Since OpenTBS version 1.3, you can also add and delete files in the archive. Before this version you could only modify existing files in the archive.

OpenTBS has automatic extension recognition. When you load a document which has one of the following extensions { odt, odg, ods, odf, odp, odm, docx, xlsx, pptx }, then the main XML file of the archive are automatically loaded, and some special character conversion are preset. For example, for all OpenDocument files, the stored file "content.xml" is automatically loaded.
Since version 1.6.0, if the extension is not recognized then OpenTBS also try to find the document by the sub-file presence. And if all fails, then you can force the document type using a special command.
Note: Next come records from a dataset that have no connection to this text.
lemma transport_ineq_finite:
  fixes q r v :: "'j \<Rightarrow> real"
  assumes J: "finite J" and q_nonneg: "\<And>j. j \<in> J \<Longrightarrow> 0 \<le> q j" and r_nonneg: "\<And>j. j \<in> J \<Longrightarrow> 0 \<le> r j"
    and q_sum: "(\<Sum>j\<in>J. q j) = 1" and r_sum: "(\<Sum>j\<in>J. r j) = 1"
    and q_abs_cont: "\<And>j. j \<in> J \<Longrightarrow> 0 < q j \<Longrightarrow> 0 < r j"
    and v: "\<And>j. j \<in> J \<Longrightarrow> v j \<in> {lo..lo + c}" and c: "0 < c"
  shows "((\<Sum>j\<in>J. q j * v j) - (\<Sum>j\<in>J. r j * v j))\<^sup>2 \<le> c\<^sup>2 / 2 * kl_finite J q r"
proof -
  define m where "m = (\<Sum>j\<in>J. r j * v j)"
  define d where "d = (\<Sum>j\<in>J. q j * v j) - m"
  have linear_bound: "l * d \<le> kl_finite J q r + l\<^sup>2 * c\<^sup>2 / 8" for l
  proof -
    have sum_pos: "0 < (\<Sum>j\<in>J. r j * exp (l * (v j - m)))"
    proof -
      obtain j0 where j0: "j0 \<in> J" "r j0 \<noteq> 0" using r_sum by (metis sum.neutral zero_neq_one)
      have "0 < r j0 * exp (l * (v j0 - m))" using j0 r_nonneg[of j0] by simp
      also have "\<dots> \<le> (\<Sum>j\<in>J. r j * exp (l * (v j - m)))"
        using J j0 r_nonneg by (intro member_le_sum) auto
      finally show ?thesis .
    qed
    have "(\<Sum>j\<in>J. r j * exp (l * (v j - m))) \<le> exp (l\<^sup>2 * ((lo + c) - lo)\<^sup>2 / 8)"
      unfolding m_def using J r_nonneg r_sum v by (rule hoeffding_lemma_finite)
    with sum_pos have "ln (\<Sum>j\<in>J. r j * exp (l * (v j - m))) \<le> ln (exp (l\<^sup>2 * c\<^sup>2 / 8))"
      by (subst ln_le_cancel_iff) auto
    then have hoeffding: "ln (\<Sum>j\<in>J. r j * exp (l * (v j - m))) \<le> l\<^sup>2 * c\<^sup>2 / 8"
      by simp
    have "(\<Sum>j\<in>J. r j * exp (l * v j)) = exp (l * m) * (\<Sum>j\<in>J. r j * exp (l * (v j - m)))"
      by (simp add: sum_distrib_left right_diff_distrib exp_diff field_simps)
    with sum_pos have "ln (\<Sum>j\<in>J. r j * exp (l * v j)) = l * m + ln (\<Sum>j\<in>J. r j * exp (l * (v j - m)))"
      by (simp add: ln_mult)
    moreover have "(\<Sum>j\<in>J. q j * (l * v j)) \<le> kl_finite J q r + ln (\<Sum>j\<in>J. r j * exp (l * v j))"
      using J q_nonneg r_nonneg q_sum r_sum q_abs_cont by (rule donsker_varadhan_finite)
    moreover have "(\<Sum>j\<in>J. q j * (l * v j)) = l * (d + m)"
      by (simp add: d_def sum_distrib_left algebra_simps)
    ultimately show ?thesis using hoeffding by (simp add: algebra_simps)
  qed
  \<comment> \<open>The minimising choice \<open>l = 4 d / c\<^sup>2\<close>.\<close>
  have "4 * d\<^sup>2 / c\<^sup>2 \<le> kl_finite J q r + (4 * d / c\<^sup>2)\<^sup>2 * c\<^sup>2 / 8"
    using linear_bound[of "4 * d / c\<^sup>2"] by (simp add: power2_eq_square)
  also have "(4 * d / c\<^sup>2)\<^sup>2 * c\<^sup>2 / 8 = 2 * d\<^sup>2 / c\<^sup>2"
    using c by (simp add: field_simps power2_eq_square)
  finally have "d\<^sup>2 \<le> c\<^sup>2 / 2 * kl_finite J q r"
    using c by (simp add: field_simps)
  then show ?thesis by (simp add: d_def m_def)
qed

lemma cond_mean_variance_le_mutual_info_finite:
  fixes p :: "'i \<Rightarrow> 'j \<Rightarrow> real" and pa :: "'i \<Rightarrow> real" and pb v :: "'j \<Rightarrow> real"
  assumes I: "finite I" and J: "finite J"
    and p_nonneg: "\<And>i j. i \<in> I \<Longrightarrow> j \<in> J \<Longrightarrow> 0 \<le> p i j"
    and pa: "\<And>i. i \<in> I \<Longrightarrow> pa i = (\<Sum>j\<in>J. p i j)"
    and pb: "\<And>j. j \<in> J \<Longrightarrow> pb j = (\<Sum>i\<in>I. p i j)"
    and pa_sum: "(\<Sum>i\<in>I. pa i) = 1"
    and v: "\<And>j. j \<in> J \<Longrightarrow> v j \<in> {lo..lo + c}" and c: "0 < c"
  shows "(\<Sum>i\<in>I. pa i * ((\<Sum>j\<in>J. p i j * v j) / pa i - (\<Sum>j\<in>J. pb j * v j))\<^sup>2)
         \<le> c\<^sup>2 / 2 * mutual_info_finite I J p pa pb"
proof -
  have pb_nonneg: "0 \<le> pb j" if "j \<in> J" for j
    using pb[OF that] p_nonneg that by (simp add: sum_nonneg)
  have pb_sum: "(\<Sum>j\<in>J. pb j) = 1"
    using pa_sum by (simp add: pa pb sum.swap[of _ J])
  have row: "pa i * ((\<Sum>j\<in>J. p i j * v j) / pa i - (\<Sum>j\<in>J. pb j * v j))\<^sup>2
      \<le> c\<^sup>2 / 2 * (\<Sum>j\<in>J. if p i j = 0 then 0 else p i j * ln (p i j / (pa i * pb j)))"
    if i: "i \<in> I" for i
  proof (cases "pa i = 0")
    case True
    then have "\<forall>j\<in>J. p i j = 0" using pa[OF i] p_nonneg[OF i] J by (simp add: sum_nonneg_eq_0_iff)
    then show ?thesis using True by simp
  next
    case False
    with pa[OF i] p_nonneg[OF i] have pa_pos: "0 < pa i"
      by (metis less_eq_real_def sum_nonneg)
    define q where "q j = p i j / pa i" for j
    have q_abs_cont: "0 < pb j" if "j \<in> J" "0 < q j" for j
    proof -
      have "0 < p i j" using that pa_pos by (simp add: q_def zero_less_divide_iff)
      also have "p i j \<le> pb j" unfolding pb[OF that(1)]
        using I i p_nonneg that by (intro member_le_sum) auto
      finally show ?thesis .
    qed
    have transport: "((\<Sum>j\<in>J. q j * v j) - (\<Sum>j\<in>J. pb j * v j))\<^sup>2 \<le> c\<^sup>2 / 2 * kl_finite J q pb"
      using pa_pos p_nonneg[OF i] pa[OF i]
      by (intro transport_ineq_finite[OF J _ pb_nonneg _ pb_sum q_abs_cont v c])
        (auto simp: q_def simp flip: sum_divide_distrib)
    have q_mean: "(\<Sum>j\<in>J. q j * v j) = (\<Sum>j\<in>J. p i j * v j) / pa i"
      by (simp add: q_def sum_divide_distrib)
    have "pa i * ((\<Sum>j\<in>J. p i j * v j) / pa i - (\<Sum>j\<in>J. pb j * v j))\<^sup>2
        \<le> c\<^sup>2 / 2 * (pa i * kl_finite J q pb)"
      using mult_left_mono[OF transport, of "pa i"] pa_pos q_mean by (simp add: algebra_simps)
    also have "pa i * kl_finite J q pb
        = (\<Sum>j\<in>J. if p i j = 0 then 0 else p i j * ln (p i j / (pa i * pb j)))"
      unfolding kl_finite_def sum_distrib_left by (rule sum.cong) (use pa_pos in \<open>auto simp: q_def\<close>)
    finally show ?thesis .
  qed
  have "(\<Sum>i\<in>I. pa i * ((\<Sum>j\<in>J. p i j * v j) / pa i - (\<Sum>j\<in>J. pb j * v j))\<^sup>2)
      \<le> (\<Sum>i\<in>I. c\<^sup>2 / 2 * (\<Sum>j\<in>J. if p i j = 0 then 0 else p i j * ln (p i j / (pa i * pb j))))"
    by (rule sum_mono) (rule row)
  then show ?thesis by (simp add: mutual_info_finite_def sum_distrib_left)
qed

section \<open>Finite measurable partitions\<close>

lemma sets_Collect_mem:
  assumes "Y \<in> M \<rightarrow>\<^sub>M S" and "B \<in> sets S"
  shows "{w \<in> space M. Y w \<in> B} \<in> sets M"
  using measurable_sets[OF assms] by (simp add: vimage_def Int_def conj_commute)

lemma sets_Collect_conj_mem:
  assumes "{w \<in> space M. Q w} \<in> sets M" and "Y \<in> M \<rightarrow>\<^sub>M S" and "B \<in> sets S"
  shows "{w \<in> space M. Q w \<and> Y w \<in> B} \<in> sets M"
proof -
  have "{w \<in> space M. Q w \<and> Y w \<in> B} = {w \<in> space M. Q w} \<inter> {w \<in> space M. Y w \<in> B}" by auto
  then show ?thesis using sets.Int[OF assms(1) sets_Collect_mem[OF assms(2,3)]] by simp
qed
4. Synopsis and code examples

4.1. Preparation of TinyButStrong Template Engine with the OpenTBS plug-in

include_once('tbs_class.php');
include_once('tbs_plugin_opentbs.php');

$TBS = new clsTinyButStrong;
$TBS->Plugin(TBS_INSTALL, OPENTBS_PLUGIN);

4.2. Method LoadTemplate()

• Load an archive with the automatic extension recognition (explained above):

$TBS->LoadTemplate('document.odt'); // Load the archive 'document.odt'.

• Load an archive without the automatic extension recognition:

(supported since OpenTBS version 1.1)
$TBS->LoadTemplate('document.odt#');

• Load an archive and one file stored in this archive:

$TBS->LoadTemplate('document.odt#content.xml');

• Load an archive and several files stored in this archive:

$TBS->LoadTemplate('document.odt#content.xml;settings.xml');

• Load a stored file from the current archive:

$TBS->LoadTemplate('#content.xml'); // Load the stored file 'content.xml' from the current archive.

The archive must be previously loaded.
If the file is stored in a subfolder, then indicate the full path. For example: 'word/document.xml'.

• Load an archive with special data conversion:

(supported since OpenTBS version 1.3.2)
$TBS->LoadTemplate('document.odt', OPENTBS_ALREADY_UTF8);

OpenTBS manages XML files that are UTF8 encoded. But by default, it assumes that all the data to merge (which can come from PHP or SQL) is Ascii encoded, and thus it performs conversions. If you want to define the data conversion, then you can use one of the following constants:

Please note that if you need to change the data conversion for one or few fields only in your template, then you can use parameter "htmlconv" (see the TBS documentation for more details).

4.3. Method Show()

Render options for OpenTBS:

• Render the merged archive as an HTTP download: ($file_name is optional)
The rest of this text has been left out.